Title: John Burroughs to Walt Whitman, 23 May 1881
Date: May 23, 1881
Editorial note: The annotation, "15," is in an unknown hand.
Source: Transcribed from digital images or a microfilm reproduction of the original item. For a description of the editorial rationale behind our treatment of the correspondence, see our statement of editorial policy.

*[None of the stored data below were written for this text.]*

(* Let $(X_n)_{n\le0}$ be a strongly monotonic Markov process with values in $[0,1]^d$, let $\rho(x,x')=\sum_{k=1}^d a_k|x(k)-x'(k)|$ where $(a_k)$ are positive numbers with $\sum_k a_k=1$, and let $\delta$ be the distance $\delta(s,t)=|s-t|$ on $\mathbb{R}$. Then for every $\ell\le n\le 0$ and all $x_\ell,x'_\ell\in A_\ell$, $$\rho'\big(\mathcal{L}(X_n\mid X_\ell=x_\ell),\mathcal{L}(X_n\mid X_\ell=x'_\ell)\big)=\sum_{k=1}^d a_k\,\delta'\Big(\mathcal{L}\big(X_n(k)\mid X_\ell(k)=x_\ell(k)\big),\mathcal{L}\big(X_n(k)\mid X_\ell(k)=x'_\ell(k)\big)\Big).$$
   Context: $d\ge1$ integer or $d=\infty$; $A_n$ is the support of the law of $X_n$. For a pseudometric $\rho$, $\rho'(\mu,\nu)=\inf\mathbb{E}[\rho(X_\mu,X_\nu)]$ over all couplings of $\mu,\nu$ (Kantorovich pseudometric). An $\mathbb{R}^d$-valued Markov process is monotonic if for each $n<0$ and all $x,x'\in A_n$ there is a coupling $(Y,Y')$ of $\mathcal{L}(X_{n+1}\mid X_n=x)$ and $\mathcal{L}(X_{n+1}\mid X_n=x')$, with law depending measurably on $(x,x')$, such that for each coordinate $k$: $x(k)\le x'(k)\Rightarrow Y(k)\le Y'(k)$ a.s. and $x(k)\ge x'(k)\Rightarrow Y(k)\ge Y'(k)$ a.s. It is strongly monotonic if moreover each coordinate process $(X_n(k))_{n\le0}$ is Markovian and its natural filtration $\mathcal F(k)$ is immersed in the natural filtration $\mathcal{F}$ of $(X_n)$ (i.e. $\mathcal F_n(k)\subset\mathcal F_n$ and $\mathcal F_{n+1}(k)$ is conditionally independent of $\mathcal F_n$ given $\mathcal F_n(k)$). *)

theory Defs
  imports "HOL-Probability.Probability"
begin
lemma polya_integral_not_constant_on:
  assumes \<omega>: "polya_weight \<omega>" and S: "open S" "S \<noteq> {}"
  shows "\<not> polya_integral \<omega> constant_on S"
proof
  assume "polya_integral \<omega> constant_on S"
  then obtain c where c: "\<And>z. z \<in> S \<Longrightarrow> polya_integral \<omega> z = c" unfolding constant_on_def by blast
  have "polya_integral \<omega> z = c" for z
    using analytic_continuation_open[of S UNIV "polya_integral \<omega>" "\<lambda>_. c"] S c
      polya_integral_holomorphic[OF \<omega>] by auto
  then have "polya_integral \<omega> (of_real (pi/2)) = 0" by (metis polya_integral_0)
  then show False using polya_integral_pos[OF \<omega>, of "pi/2"] by simp
qed

theorem polya_integral_zero_imp_real:
  assumes \<omega>: "polya_weight \<omega>" and zero: "polya_integral \<omega> z = 0"
  shows "Im z = 0"
proof -
  define S where "S = {z::complex. 0 < Im z}"
  have "polya_integral \<omega> z \<noteq> 0" if "z \<in> S" for z
  proof (rule Hurwitz_no_zeros[where \<F>="\<lambda>n. polya_sum \<omega> (Suc n)" and S=S and g="polya_integral \<omega>"])
    show S: "open S" "connected S"
      unfolding S_def by (simp_all add: open_halfspace_Im_gt connected_halfspace_Im_gt)
    show "\<not> polya_integral \<omega> constant_on S"
      using that S by (intro polya_integral_not_constant_on[OF \<omega>]) auto
    show "polya_sum \<omega> (Suc n) u \<noteq> 0" if "u \<in> S" for n u
      using polya_sum_zero_imp_real[OF \<omega>, of "Suc n" u] that unfolding S_def by auto
  qed (use that in \<open>simp_all add: polya_sum_holomorphic polya_integral_holomorphic[OF \<omega>] uniform_limit_polya_sum[OF \<omega>]\<close>)
  moreover have "polya_integral \<omega> (- z) = 0" using zero by (simp add: polya_integral_minus)
  moreover have "z \<in> S \<or> - z \<in> S" if "Im z \<noteq> 0" using that unfolding S_def by auto
  ultimately show ?thesis using zero by blast
qed

section \<open>The hypergeometric function as a Polya integral\<close>

definition cos_moment :: "real \<Rightarrow> nat \<Rightarrow> real" where
  "cos_moment \<nu> m = integral {0..pi/2} (\<lambda>\<theta>. cos (\<nu> * \<theta>) * cos \<theta> ^ m)"

lemma cos_moment_1: "(1 - \<nu>\<^sup>2) * cos_moment \<nu> 1 = cos (\<nu> * pi / 2)"
proof -
  have "integral {0..pi/2} (\<lambda>\<theta>. (1 - \<nu>\<^sup>2) * (cos (\<nu> * \<theta>) * cos \<theta>))
      = (cos (\<nu> * (pi/2)) * sin (pi/2) - \<nu> * sin (\<nu> * (pi/2)) * cos (pi/2))
        - (cos (\<nu> * 0) * sin 0 - \<nu> * sin (\<nu> * 0) * cos 0)"
    by (intro integral_eq_antiderivative_diff)
       (auto intro!: derivative_eq_intros simp: algebra_simps power2_eq_square)
  then show ?thesis unfolding cos_moment_def by simp
qed

lemma has_real_derivative_cos_power_Suc:
  "((\<lambda>\<theta>. cos \<theta> ^ Suc n) has_real_derivative - (real (Suc n) * cos \<theta> ^ n * sin \<theta>)) (at \<theta>)"
  using DERIV_power[OF DERIV_cos[of \<theta>], of "Suc n"] by (simp add: algebra_simps)

lemma cos_moment_rec_antiderivative:
  fixes k :: nat and \<nu> \<theta> :: real
  defines "Q \<equiv> \<lambda>\<theta>. (real k + 2) * cos (\<nu> * \<theta>) * cos \<theta> ^ Suc k * sin \<theta> - \<nu> * sin (\<nu> * \<theta>) * cos \<theta> ^ Suc (Suc k)"
  shows "(Q has_real_derivative
     ((real k + 2)\<^sup>2 - \<nu>\<^sup>2) * (cos (\<nu> * \<theta>) * cos \<theta> ^ (k + 2)) - (real k + 2) * (real k + 1) * (cos (\<nu> * \<theta>) * cos \<theta> ^ k)) (at \<theta>)"
proof -
  define p where "p n \<theta> = cos \<theta> ^ n" for n and \<theta> :: real
  have dp: "(p (Suc n) has_real_derivative - (real (Suc n) * p n \<theta> * sin \<theta>)) (at \<theta>)" for n
    unfolding p_def by (rule has_real_derivative_cos_power_Suc)
  have "(Q has_real_derivative
      (real k + 2) * (- \<nu> * sin (\<nu> * \<theta>) * p (Suc k) \<theta> * sin \<theta>
        + cos (\<nu> * \<theta>) * (- (real (Suc k) * p k \<theta> * sin \<theta>) * sin \<theta> + p (Suc k) \<theta> * cos \<theta>))
      - \<nu> * (\<nu> * cos (\<nu> * \<theta>) * p (Suc (Suc k)) \<theta> + sin (\<nu> * \<theta>) * - (real (Suc (Suc k)) * p (Suc k) \<theta> * sin \<theta>)))
     (at \<theta>)"
  proof -
    have "Q = (\<lambda>\<theta>. (real k + 2) * cos (\<nu> * \<theta>) * p (Suc k) \<theta> * sin \<theta> - \<nu> * sin (\<nu> * \<theta>) * p (Suc (Suc k)) \<theta>)"
      unfolding Q_def p_def ..
    then show ?thesis by (auto intro!: derivative_eq_intros dp simp: algebra_simps)
  qed
  moreover have "sin \<theta> * sin \<theta> = 1 - cos \<theta> * cos \<theta>"
    using sin_squared_eq[of \<theta>] by (simp add: power2_eq_square)
  moreover have "(K + 2) * (- \<nu> * B * (P * c) * s + A * (- ((1 + K) * P * s) * s + P * c * c))
      - \<nu> * (\<nu> * A * (P * c * c) + B * - ((1 + (1 + K)) * (P * c) * s))
      = ((K + 2)\<^sup>2 - \<nu>\<^sup>2) * (A * (P * c\<^sup>2)) - (K + 2) * (K + 1) * (A * P)"
    if "s * s = 1 - c * c" for K A B P c s :: real
    using that by algebra
  ultimately show ?thesis
    unfolding p_def power_Suc2 power_add of_nat_Suc by (elim DERIV_cong) blast
qed
(* Let $G$ be the digraph with vertex set $\{v_1,\dots,v_{17}\}$ and the $27$ arcs $(v_1,v_2)$, $(v_2,v_5)$, $(v_2,v_3)$, $(v_3,v_5)$, $(v_3,v_4)$, $(v_4,v_5)$, $(v_5,v_9)$, $(v_5,v_7)$, $(v_5,v_6)$, $(v_6,v_7)$, $(v_7,v_9)$, $(v_7,v_8)$, $(v_8,v_9)$, $(v_9,v_{16})$, $(v_9,v_{13})$, $(v_9,v_{11})$, $(v_9,v_{10})$, $(v_{10},v_{11})$, $(v_{11},v_{13})$, $(v_{11},v_{12})$, $(v_{12},v_{13})$, $(v_{13},v_{16})$, $(v_{13},v_{15})$, $(v_{13},v_{14})$, $(v_{14},v_{15})$, $(v_{15},v_{16})$, $(v_{16},v_{17})$. Then $G$ is an esp-digraph and $\chi'_o(G)=7$. In particular the bound $\chi'_o(G)\le 7$ for esp-digraphs is best possible.
   Context: An oriented $r$-arc-coloring of a digraph $G=(V,E)$ is a map $c:E\to\{1,\dots,r\}$ such that (i) $c((u,v))\ne c((v,w))$ for every two arcs $(u,v),(v,w)\in E$, and (ii) $c((u,v))\ne c((y,z))$ for all arcs $(u,v),(v,w),(x,y),(y,z)\in E$ with $c((v,w))=c((x,y))$. The oriented chromatic index $\chi'_o(G)$ is the smallest $r$ for which such a coloring exists. Edge series-parallel (multi)digraphs (esp-digraphs) are defined recursively, each with a distinguished source and sink: (i) a digraph with two distinct vertices $u,v$ and the single arc $(u,v)$ is an esp-digraph with source $u$ and sink $v$; (ii) if $G_1,G_2$ are vertex-disjoint esp-digraphs, then the parallel composition $G_1\cup G_2$ (identify the source of $G_1$ with the source of $G_2$ and the sink of $G_1$ with the sink of $G_2$; arcs are united, possibly creating parallel arcs) is an esp-digraph with these identified source and sink, and the series composition $G_1\times G_2$ (identify the sink of $G_1$ with the source of $G_2$) is an esp-digraph with source the source of $G_1$ and sink the sink of $G_2$. *)

theory Defs
  imports Main "HOL-Library.Multiset"
begin

definition arc_verts :: "('a \<times> 'a) multiset \<Rightarrow> 'a set" where
  "arc_verts A = fst ` set_mset A \<union> snd ` set_mset A"

text \<open>Composition of vertex-disjoint esp-digraphs with identification of
  the terminals is modelled on labelled graphs: the two parts may share exactly the
  identified vertices.  (Esp-digraphs have no isolated vertices, so the vertex set is
  the set of endpoints of arcs.)\<close>
inductive esp :: "('a \<times> 'a) multiset \<Rightarrow> 'a \<Rightarrow> 'a \<Rightarrow> bool" where
  single: "u \<noteq> v \<Longrightarrow> esp {#(u, v)#} u v"
| parallel: "esp A1 s t \<Longrightarrow> esp A2 s t \<Longrightarrow> arc_verts A1 \<inter> arc_verts A2 = {s, t}
     \<Longrightarrow> esp (A1 + A2) s t"
| series: "esp A1 s m \<Longrightarrow> esp A2 m t \<Longrightarrow> arc_verts A1 \<inter> arc_verts A2 = {m}
     \<Longrightarrow> esp (A1 + A2) s t"

definition is_esp_digraph :: "'a set \<Rightarrow> ('a \<times> 'a) multiset \<Rightarrow> bool" where
  "is_esp_digraph V A \<longleftrightarrow> V = arc_verts A \<and> (\<exists>s t. esp A s t)"

definition oriented_arc_coloring :: "('a \<times> 'a) set \<Rightarrow> nat \<Rightarrow> ('a \<times> 'a \<Rightarrow> nat) \<Rightarrow> bool" where
  "oriented_arc_coloring E r c \<longleftrightarrow>
     (\<forall>e\<in>E. c e \<in> {1..r}) \<and>
     (\<forall>u v w. (u, v) \<in> E \<and> (v, w) \<in> E \<longrightarrow> c (u, v) \<noteq> c (v, w)) \<and>
     (\<forall>u v w x y z. (u, v) \<in> E \<and> (v, w) \<in> E \<and> (x, y) \<in> E \<and> (y, z) \<in> E \<and>
        c (v, w) = c (x, y) \<longrightarrow> c (u, v) \<noteq> c (y, z))"

definition oriented_chromatic_index :: "('a \<times> 'a) set \<Rightarrow> nat" where
  "oriented_chromatic_index E = (LEAST r. \<exists>c. oriented_arc_coloring E r c)"

definition G_arcs :: "(nat \<times> nat) list" where
  "G_arcs = [(1,2), (2,5), (2,3), (3,5), (3,4), (4,5), (5,9), (5,7), (5,6), (6,7),
             (7,9), (7,8), (8,9), (9,16), (9,13), (9,11), (9,10), (10,11), (11,13),
             (11,12), (12,13), (13,16), (13,15), (13,14), (14,15), (15,16), (16,17)]"

definition G_verts :: "nat set" where
  "G_verts = {1..17}"

end

theory Submission
  imports Defs "HOL-Combinatorics.Transposition"
begin

text \<open>The coloring condition says exactly that the color digraph, which joins the colors of
  any two consecutive arcs, is asymmetric.  This is invariant under renaming colors, so a
  6-coloring of G may be assumed to give the arcs (v1,v2) and (v2,v5) the colors 1 and 2; the
  resulting finite problem is refuted by a SAT solver.  A 7-coloring is given explicitly, and G
  is esp, being assembled by series and parallel composition from triangles and single arcs.\<close>

lemma esp_terminals:
  assumes "esp A s t"
  shows "s \<in> arc_verts A" "t \<in> arc_verts A" "s \<noteq> t"
  using assms by (induction rule: esp.induct) (auto simp: arc_verts_def)

lemma esp_Cons_parallel_arc:
  assumes "esp (mset xs) s t"
  shows "esp (mset ((s, t) # xs)) s t"
proof -
  have "esp ({#(s, t)#} + mset xs) s t"
    by (rule esp.parallel)
      (use esp_terminals[OF assms] in \<open>auto intro: esp.single assms simp: arc_verts_def\<close>)
  then show ?thesis by simp
qed

lemma esp_arc: "u \<noteq> v \<Longrightarrow> esp (mset [(u, v)]) u v"
  by (simp add: esp.single)

lemma esp_append_series:
  "esp (mset xs) s m \<Longrightarrow> esp (mset ys) m t \<Longrightarrow> arc_verts (mset xs) \<inter> arc_verts (mset ys) = {m}
    \<Longrightarrow> esp (mset (xs @ ys)) s t"
  using esp.series by fastforce

lemma esp_triangle:
  assumes "distinct [a, b, c]"
  shows "esp (mset [(a, c), (a, b), (b, c)]) a c"
proof -
  have "esp (mset ([(a, b)] @ [(b, c)])) a c"
    by (rule esp_append_series[OF esp_arc esp_arc]) (use assms in \<open>auto simp: arc_verts_def\<close>)
  then show ?thesis using esp_Cons_parallel_arc by fastforce
qed

lemma esp_G: "esp (mset G_arcs) 1 17"
proof -
  have T3_5: "esp (mset [(3,5),(3,4),(4,5)]) (3::nat) 5"
    and T5_7: "esp (mset [(5,7),(5,6),(6,7)]) (5::nat) 7"
    and T7_9: "esp (mset [(7,9),(7,8),(8,9)]) (7::nat) 9"
    and T9_11: "esp (mset [(9,11),(9,10),(10,11)]) (9::nat) 11"
    and T11_13: "esp (mset [(11,13),(11,12),(12,13)]) (11::nat) 13"
    and T13_15: "esp (mset [(13,15),(13,14),(14,15)]) (13::nat) 15"
    by (rule esp_triangle, simp)+
  have B2_5: "esp (mset [(2,5),(2,3),(3,5),(3,4),(4,5)]) (2::nat) 5"
    using esp_Cons_parallel_arc[OF esp_append_series[OF esp_arc T3_5]] by (simp add: arc_verts_def)
  have B5_9: "esp (mset [(5,9),(5,7),(5,6),(6,7),(7,9),(7,8),(8,9)]) (5::nat) 9"
    using esp_Cons_parallel_arc[OF esp_append_series[OF T5_7 T7_9]] by (simp add: arc_verts_def)
  have B9_13: "esp (mset [(9,13),(9,11),(9,10),(10,11),(11,13),(11,12),(12,13)]) (9::nat) 13"
    using esp_Cons_parallel_arc[OF esp_append_series[OF T9_11 T11_13]] by (simp add: arc_verts_def)
  have B13_16: "esp (mset [(13,16),(13,15),(13,14),(14,15),(15,16)]) (13::nat) 16"
    using esp_Cons_parallel_arc[OF esp_append_series[OF T13_15 esp_arc]] by (simp add: arc_verts_def)
  have B9_16: "esp (mset [(9,16),(9,13),(9,11),(9,10),(10,11),(11,13),(11,12),(12,13),
      (13,16),(13,15),(13,14),(14,15),(15,16)]) (9::nat) 16"
    using esp_Cons_parallel_arc[OF esp_append_series[OF B9_13 B13_16]] by (simp add: arc_verts_def)
  show ?thesis
    using esp_append_series[OF esp_arc esp_append_series[OF B2_5 esp_append_series[OF B5_9 esp_append_series[OF B9_16 esp_arc]]]]
    by (simp add: arc_verts_def G_arcs_def)
qed

lemma is_esp_digraph_G: "is_esp_digraph G_verts (mset G_arcs)"
proof -
  have "G_verts = arc_verts (mset G_arcs)"
    by (simp add: G_verts_def G_arcs_def arc_verts_def) (auto; presburger)
  with esp_G show ?thesis
    unfolding is_esp_digraph_def by blast
qed

definition consecutive_arcs :: "('a \<times> 'a) set \<Rightarrow> (('a \<times> 'a) \<times> ('a \<times> 'a)) set" where
  "consecutive_arcs E = {(e, f). e \<in> E \<and> f \<in> E \<and> snd e = fst f}"

definition color_digraph :: "('a \<times> 'a) set \<Rightarrow> ('a \<times> 'a \<Rightarrow> nat) \<Rightarrow> nat rel" where
  "color_digraph E c = map_prod c c ` consecutive_arcs E"

lemma mem_color_digraph_iff:
  "(a, b) \<in> color_digraph E c \<longleftrightarrow>
     (\<exists>u v w. (u, v) \<in> E \<and> (v, w) \<in> E \<and> a = c (u, v) \<and> b = c (v, w))"
  unfolding color_digraph_def consecutive_arcs_def by force

lemma oriented_arc_coloring_iff_asym:
  "oriented_arc_coloring E r c \<longleftrightarrow> c ` E \<subseteq> {1..r} \<and> asym (color_digraph E c)"
proof
  assume c: "oriented_arc_coloring E r c"
  show "c ` E \<subseteq> {1..r} \<and> asym (color_digraph E c)"
  proof (intro conjI asymI notI)
    show "c ` E \<subseteq> {1..r}" using c unfolding oriented_arc_coloring_def by blast
    fix a b assume "(a, b) \<in> color_digraph E c" "(b, a) \<in> color_digraph E c"
    then obtain u v w x y z where "(u, v) \<in> E" "(v, w) \<in> E" "a = c (u, v)" "b = c (v, w)"
      and "(x, y) \<in> E" "(y, z) \<in> E" "b = c (x, y)" "a = c (y, z)"
      unfolding mem_color_digraph_iff by blast
    with c show False unfolding oriented_arc_coloring_def by blast
  qed
next
  assume "c ` E \<subseteq> {1..r} \<and> asym (color_digraph E c)"
  then have range: "c ` E \<subseteq> {1..r}" and asym: "asym (color_digraph E c)" by auto
  show "oriented_arc_coloring E r c"
    unfolding oriented_arc_coloring_def
  proof (intro conjI allI impI)
    show "\<forall>e\<in>E. c e \<in> {1..r}" using range by blast
  next
    fix u v w assume "(u, v) \<in> E \<and> (v, w) \<in> E"
    then have "(c (u, v), c (v, w)) \<in> color_digraph E c"
      unfolding mem_color_digraph_iff by blast
    with asym show "c (u, v) \<noteq> c (v, w)" by (metis asymD)
  next
    fix u v w x y z
    assume H: "(u, v) \<in> E \<and> (v, w) \<in> E \<and> (x, y) \<in> E \<and> (y, z) \<in> E \<and> c (v, w) = c (x, y)"
    then have "(c (u, v), c (v, w)) \<in> color_digraph E c" "(c (x, y), c (y, z)) \<in> color_digraph E c"
      unfolding mem_color_digraph_iff by blast+
    with H asym show "c (u, v) \<noteq> c (y, z)" by (metis asymD)
  qed
qed

lemma oriented_arc_coloring_mono:
  "oriented_arc_coloring E r c \<Longrightarrow> r \<le> s \<Longrightarrow> oriented_arc_coloring E s c"
  unfolding oriented_arc_coloring_def by fastforce

lemma oriented_arc_coloring_comp:
  assumes "oriented_arc_coloring E r c" "inj f" "f ` {1..r} \<subseteq> {1..r}"
  shows "oriented_arc_coloring E r (f \<circ> c)"
  using assms unfolding oriented_arc_coloring_def by (auto simp: inj_eq image_subset_iff)

lemma oriented_arc_coloring_normalize:
  assumes c: "oriented_arc_coloring E r c" and ef: "(e, f) \<in> consecutive_arcs E"
  obtains c' where "oriented_arc_coloring E r c'" "c' e = 1" "c' f = 2"
proof -
  have "(c e, c f) \<in> color_digraph E c"
    using ef unfolding color_digraph_def by force
  with c ef have colors: "c e \<in> {1..r}" "c f \<in> {1..r}" "c e \<noteq> c f"
    unfolding oriented_arc_coloring_iff_asym consecutive_arcs_def by (auto dest: asymD)
  then have "2 \<in> {1..r}"
    by auto
  define \<sigma> where "\<sigma> = transpose (transpose (c e) 1 (c f)) 2 \<circ> transpose (c e) 1"
  have "oriented_arc_coloring E r (\<sigma> \<circ> c)"
    unfolding \<sigma>_def comp_assoc
    by (intro oriented_arc_coloring_comp c inj_transpose)
      (use colors \<open>2 \<in> {1..r}\<close> in \<open>auto simp: transpose_def\<close>)
  moreover have "(\<sigma> \<circ> c) e = 1" "(\<sigma> \<circ> c) f = 2"
    using colors by (auto simp: \<sigma>_def transpose_def)
  ultimately show thesis by (rule that)
qed

lemma oriented_chromatic_index_eqI:
  assumes "oriented_arc_coloring E (Suc r) c" and "\<And>c. \<not> oriented_arc_coloring E r c"
  shows "oriented_chromatic_index E = Suc r"
  unfolding oriented_chromatic_index_def
proof (rule Least_equality)
  show "\<exists>c. oriented_arc_coloring E (Suc r) c" using assms(1) by blast
  show "Suc r \<le> s" if "\<exists>c. oriented_arc_coloring E s c" for s
    using that assms(2) oriented_arc_coloring_mono by (metis not_less_eq_eq)
qed

lemma consecutive_arcs_set:
  "consecutive_arcs (set xs) = set [(e, f). e \<leftarrow> xs, f \<leftarrow> xs, snd e = fst f]"
  by (auto simp: consecutive_arcs_def)

lemma asym_set_iff: "asym (set xs) \<longleftrightarrow> (\<forall>(a, b) \<in> set xs. (b, a) \<notin> set xs)"
  unfolding asym_on_def by blast

definition G_coloring :: "nat \<times> nat \<Rightarrow> nat" where
  "G_coloring = the \<circ> map_of (zip G_arcs
     [1, 2, 2, 3, 3, 1, 4, 4, 4, 5, 6, 6, 1, 7, 7, 7, 7, 2, 3, 3, 4, 5, 5, 5, 6, 1, 2])"

lemma G_oriented_7_coloring: "oriented_arc_coloring (set G_arcs) 7 G_coloring"
  unfolding oriented_arc_coloring_iff_asym color_digraph_def consecutive_arcs_set image_set
    asym_set_iff
  by (simp add: G_arcs_def G_coloring_def)

text \<open>A propositional relaxation of a normalized 6-coloring of G: X e a says that arc e may
  carry color a, and Y a b that color a is followed by color b somewhere.\<close>

lemma G_arcs_relaxed_6_coloring_unsat:
  fixes X :: "nat \<times> nat \<Rightarrow> nat \<Rightarrow> bool" and Y :: "nat \<Rightarrow> nat \<Rightarrow> bool"
  defines "C \<equiv> {1, 2, 3, 4, 5, 6}"
  assumes clauses: "\<forall>e\<in>set G_arcs. \<exists>a\<in>C. X e a"
    "\<forall>(e, f)\<in>consecutive_arcs (set G_arcs). \<forall>a\<in>C. \<not> (X e a \<and> X f a)"
    "\<forall>(e, f)\<in>consecutive_arcs (set G_arcs). \<forall>a\<in>C. \<forall>b\<in>C. X e a \<longrightarrow> X f b \<longrightarrow> Y a b"
    "\<forall>a\<in>C. \<forall>b\<in>C. \<not> (Y a b \<and> Y b a)"
    "X (1, 2) 1" "X (2, 5) 2"
  shows False
  using clauses unfolding C_def consecutive_arcs_set
  apply (simp (no_asm_use) add: G_arcs_def)
  by sat

lemma G_not_6_colorable: "\<not> oriented_arc_coloring (set G_arcs) 6 c"
proof
  assume c: "oriented_arc_coloring (set G_arcs) 6 c"
  have "((1, 2), (2, 5)) \<in> consecutive_arcs (set G_arcs)"
    by (simp add: consecutive_arcs_def G_arcs_def)
  then obtain c' where c': "oriented_arc_coloring (set G_arcs) 6 c'" "c' (1, 2) = 1" "c' (2, 5) = 2"
    by (rule oriented_arc_coloring_normalize[OF c])
  then have range: "c' e \<in> {1, 2, 3, 4, 5, 6}" if "e \<in> set G_arcs" for e
    using that unfolding oriented_arc_coloring_iff_asym by auto
  have asym: "asym (color_digraph (set G_arcs) c')"
    using c' unfolding oriented_arc_coloring_iff_asym by blast
  have edge: "(c' e, c' f) \<in> color_digraph (set G_arcs) c'"
    if "(e, f) \<in> consecutive_arcs (set G_arcs)" for e f
    using that unfolding color_digraph_def by force
  have irrefl: "(a, a) \<notin> color_digraph (set G_arcs) c'" for a
    using asym by (blast dest: asymD)
  show False
    by (rule G_arcs_relaxed_6_coloring_unsat[where X = "\<lambda>e a. c' e = a"
          and Y = "\<lambda>a b. (a, b) \<in> color_digraph (set G_arcs) c'"])
      (use range edge irrefl asym c'(2,3) in \<open>fastforce dest: asymD\<close>)+
qed

theorem mainTheorem7:
  shows "is_esp_digraph G_verts (mset G_arcs) \<and>
         oriented_chromatic_index (set G_arcs) = 7"
proof
  show "is_esp_digraph G_verts (mset G_arcs)" by (fact is_esp_digraph_G)
  have "oriented_chromatic_index (set G_arcs) = Suc 6"
    by (rule oriented_chromatic_index_eqI) (use G_oriented_7_coloring G_not_6_colorable in simp_all)
  then show "oriented_chromatic_index (set G_arcs) = 7" by simp
qed

end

Location: The Walt Whitman Collection, Harry Ransom Humanities Research Center, The University of Texas at Austin
Whitman Archive ID: tex.00465
Contributors to digital file: Sara Duke and Nicole Gray
May 23d 1881
I tried to intercept you on your return from Boston in April. I was in N.Y. three or four days from April 18, but found you did not stop. I was greatly pleased over the success of the Boston affair, & over your account of it in the Critic. I am thinking about running down to see you, & would like to know if I will find you at Camden for the next week or two. Ursula came home from the Hospital early in April in a very bad way—worse than when she went there. We went out to Roxbury & stayed there 3 or 4 weeks We are now back home for part of the summer at least. She is much better now—in fact seems better than she has done for a year or two. Julian is well & grows finely. It has been my plan to have you up here for the summer if I could pursuade you to come, But things do not work right. I have saved & partly furnished a large room for you in the other house, but the woman in the other part whom I depended on to look after you has been sick for two months & we begin to fear she will not get well. What are your plans for the summer, & could you come if things take a favorable turn? I receive papers from you frequently. I sent you a copy of "Pepacton" which no doubt you recd R.H. Stoddard in the "Evening Maid" (Myron Benton says it is he) vents his speen upon it—takes nearly a column to condemn it & all that kind of literature. But little do I care. I have always had my opinion of him.
With much love
The naturalist John Burroughs (1837–1921) met Whitman on the streets of Washington, D.C., in 1864. After returning to Brooklyn in 1864, Whitman commenced what was to become a lifelong correspondence with Burroughs. Burroughs was magnetically drawn to Whitman. However, the correspondence between the two men is, as Burroughs acknowledged, curiously "matter-of-fact." Burroughs would write several books involving or devoted to Whitman's work: Notes on Walt Whitman, as Poet and Person (1867), Birds and Poets (1877), Whitman, A Study (1896), and Accepting the Universe (1924). For more on Whitman's relationship with Burroughs, see Carmine Sarracino, "Burroughs, John [1837–1921] and Ursula [1836–1917]," Walt Whitman: An Encyclopedia, ed. J.R. LeMaster and Donald D. Kummings (New York: Garland Publishing, 1998).